■ TASK PROMPT
If a line in the data has the string "thesis", please show it.

---------- THE DATA ----------

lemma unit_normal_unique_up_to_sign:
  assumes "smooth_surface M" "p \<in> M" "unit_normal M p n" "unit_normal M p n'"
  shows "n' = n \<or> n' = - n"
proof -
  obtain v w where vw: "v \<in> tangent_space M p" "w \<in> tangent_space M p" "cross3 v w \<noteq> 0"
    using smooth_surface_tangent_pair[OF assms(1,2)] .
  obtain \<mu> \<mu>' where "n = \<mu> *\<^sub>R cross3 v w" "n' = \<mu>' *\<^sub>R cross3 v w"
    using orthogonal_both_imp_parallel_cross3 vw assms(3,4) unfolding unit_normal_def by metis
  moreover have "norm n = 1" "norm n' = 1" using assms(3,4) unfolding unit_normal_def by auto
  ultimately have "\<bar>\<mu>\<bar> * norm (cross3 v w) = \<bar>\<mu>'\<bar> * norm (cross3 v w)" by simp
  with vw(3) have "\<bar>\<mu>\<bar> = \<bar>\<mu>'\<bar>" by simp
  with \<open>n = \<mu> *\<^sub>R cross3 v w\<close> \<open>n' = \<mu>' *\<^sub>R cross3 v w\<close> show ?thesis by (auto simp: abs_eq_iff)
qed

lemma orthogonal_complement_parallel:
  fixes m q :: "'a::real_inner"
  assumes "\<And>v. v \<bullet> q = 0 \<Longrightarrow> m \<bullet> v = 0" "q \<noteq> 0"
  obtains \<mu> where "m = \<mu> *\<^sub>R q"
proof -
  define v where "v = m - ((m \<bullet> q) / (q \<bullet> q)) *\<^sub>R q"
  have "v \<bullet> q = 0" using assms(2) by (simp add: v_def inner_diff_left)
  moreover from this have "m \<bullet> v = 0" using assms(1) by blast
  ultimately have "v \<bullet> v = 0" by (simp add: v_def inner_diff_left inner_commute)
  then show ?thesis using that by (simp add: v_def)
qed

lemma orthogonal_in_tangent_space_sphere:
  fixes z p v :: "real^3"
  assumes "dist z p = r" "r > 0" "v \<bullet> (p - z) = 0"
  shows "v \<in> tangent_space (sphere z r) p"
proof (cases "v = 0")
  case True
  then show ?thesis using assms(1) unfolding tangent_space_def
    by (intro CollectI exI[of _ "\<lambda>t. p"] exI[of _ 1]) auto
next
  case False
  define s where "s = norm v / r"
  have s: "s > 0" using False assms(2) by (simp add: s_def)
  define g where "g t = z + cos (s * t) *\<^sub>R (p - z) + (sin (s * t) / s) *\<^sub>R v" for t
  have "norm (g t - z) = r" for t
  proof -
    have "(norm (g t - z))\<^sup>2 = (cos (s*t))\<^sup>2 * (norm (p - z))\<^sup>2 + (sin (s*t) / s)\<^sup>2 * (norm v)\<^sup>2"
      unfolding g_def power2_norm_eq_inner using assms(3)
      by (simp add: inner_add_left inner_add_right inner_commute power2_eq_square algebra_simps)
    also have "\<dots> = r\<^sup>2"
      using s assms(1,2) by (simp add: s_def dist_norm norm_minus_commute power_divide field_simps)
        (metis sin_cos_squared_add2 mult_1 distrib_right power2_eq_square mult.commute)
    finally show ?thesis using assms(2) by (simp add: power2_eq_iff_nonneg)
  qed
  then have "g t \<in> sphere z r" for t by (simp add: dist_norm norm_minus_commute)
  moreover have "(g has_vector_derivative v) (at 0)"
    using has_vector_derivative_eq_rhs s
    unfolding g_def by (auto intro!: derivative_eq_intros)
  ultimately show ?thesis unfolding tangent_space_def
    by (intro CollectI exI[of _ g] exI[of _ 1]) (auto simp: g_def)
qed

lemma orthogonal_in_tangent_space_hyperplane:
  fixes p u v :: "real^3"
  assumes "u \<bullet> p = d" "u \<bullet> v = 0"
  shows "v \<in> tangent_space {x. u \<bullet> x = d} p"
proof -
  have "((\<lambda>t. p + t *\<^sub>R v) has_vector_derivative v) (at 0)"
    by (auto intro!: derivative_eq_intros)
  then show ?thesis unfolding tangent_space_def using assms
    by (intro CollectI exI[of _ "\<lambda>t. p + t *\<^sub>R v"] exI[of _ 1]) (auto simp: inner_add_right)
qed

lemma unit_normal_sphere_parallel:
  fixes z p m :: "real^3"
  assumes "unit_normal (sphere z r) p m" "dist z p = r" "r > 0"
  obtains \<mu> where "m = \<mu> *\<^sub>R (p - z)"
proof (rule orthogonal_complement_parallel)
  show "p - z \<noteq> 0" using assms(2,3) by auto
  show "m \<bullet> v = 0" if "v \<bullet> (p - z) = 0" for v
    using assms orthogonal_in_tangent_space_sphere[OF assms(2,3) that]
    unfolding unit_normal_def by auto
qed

----------
---------- THE DATA ----------

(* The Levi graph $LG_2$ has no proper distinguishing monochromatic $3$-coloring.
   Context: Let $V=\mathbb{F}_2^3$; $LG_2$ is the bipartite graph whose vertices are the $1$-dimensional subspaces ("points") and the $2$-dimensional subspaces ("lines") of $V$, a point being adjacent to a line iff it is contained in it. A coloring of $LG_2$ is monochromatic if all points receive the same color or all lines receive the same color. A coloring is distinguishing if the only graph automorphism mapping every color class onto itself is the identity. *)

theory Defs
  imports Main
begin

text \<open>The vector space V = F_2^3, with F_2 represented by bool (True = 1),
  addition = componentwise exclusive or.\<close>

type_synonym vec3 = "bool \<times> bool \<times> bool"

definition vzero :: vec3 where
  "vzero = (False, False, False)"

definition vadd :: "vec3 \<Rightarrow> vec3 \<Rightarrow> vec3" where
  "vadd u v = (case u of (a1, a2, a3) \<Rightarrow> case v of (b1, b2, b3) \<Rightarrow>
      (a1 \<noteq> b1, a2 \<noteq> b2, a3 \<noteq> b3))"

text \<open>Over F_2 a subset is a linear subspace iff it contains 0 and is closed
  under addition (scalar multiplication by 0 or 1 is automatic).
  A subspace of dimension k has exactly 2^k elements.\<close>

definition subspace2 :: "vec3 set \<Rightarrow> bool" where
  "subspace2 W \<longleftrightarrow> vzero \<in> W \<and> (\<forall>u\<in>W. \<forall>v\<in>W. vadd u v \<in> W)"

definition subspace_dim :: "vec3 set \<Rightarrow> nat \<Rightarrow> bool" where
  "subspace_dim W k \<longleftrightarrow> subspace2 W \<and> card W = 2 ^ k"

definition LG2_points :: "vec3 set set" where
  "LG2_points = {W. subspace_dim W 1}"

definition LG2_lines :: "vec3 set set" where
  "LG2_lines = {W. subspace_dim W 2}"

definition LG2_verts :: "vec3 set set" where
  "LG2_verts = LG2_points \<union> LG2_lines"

----------

■ EXPECTED ANSWER
  with \<open>n = \<mu> *\<^sub>R cross3 v w\<close> \<open>n' = \<mu>' *\<^sub>R cross3 v w\<close> show ?thesis by (auto simp: abs_eq_iff)
  then show ?thesis using that by (simp add: v_def)
  then show ?thesis using assms(1) unfolding tangent_space_def
    finally show ?thesis using assms(2) by (simp add: power2_eq_iff_nonneg)
  ultimately show ?thesis unfolding tangent_space_def
  then show ?thesis unfolding tangent_space_def using assms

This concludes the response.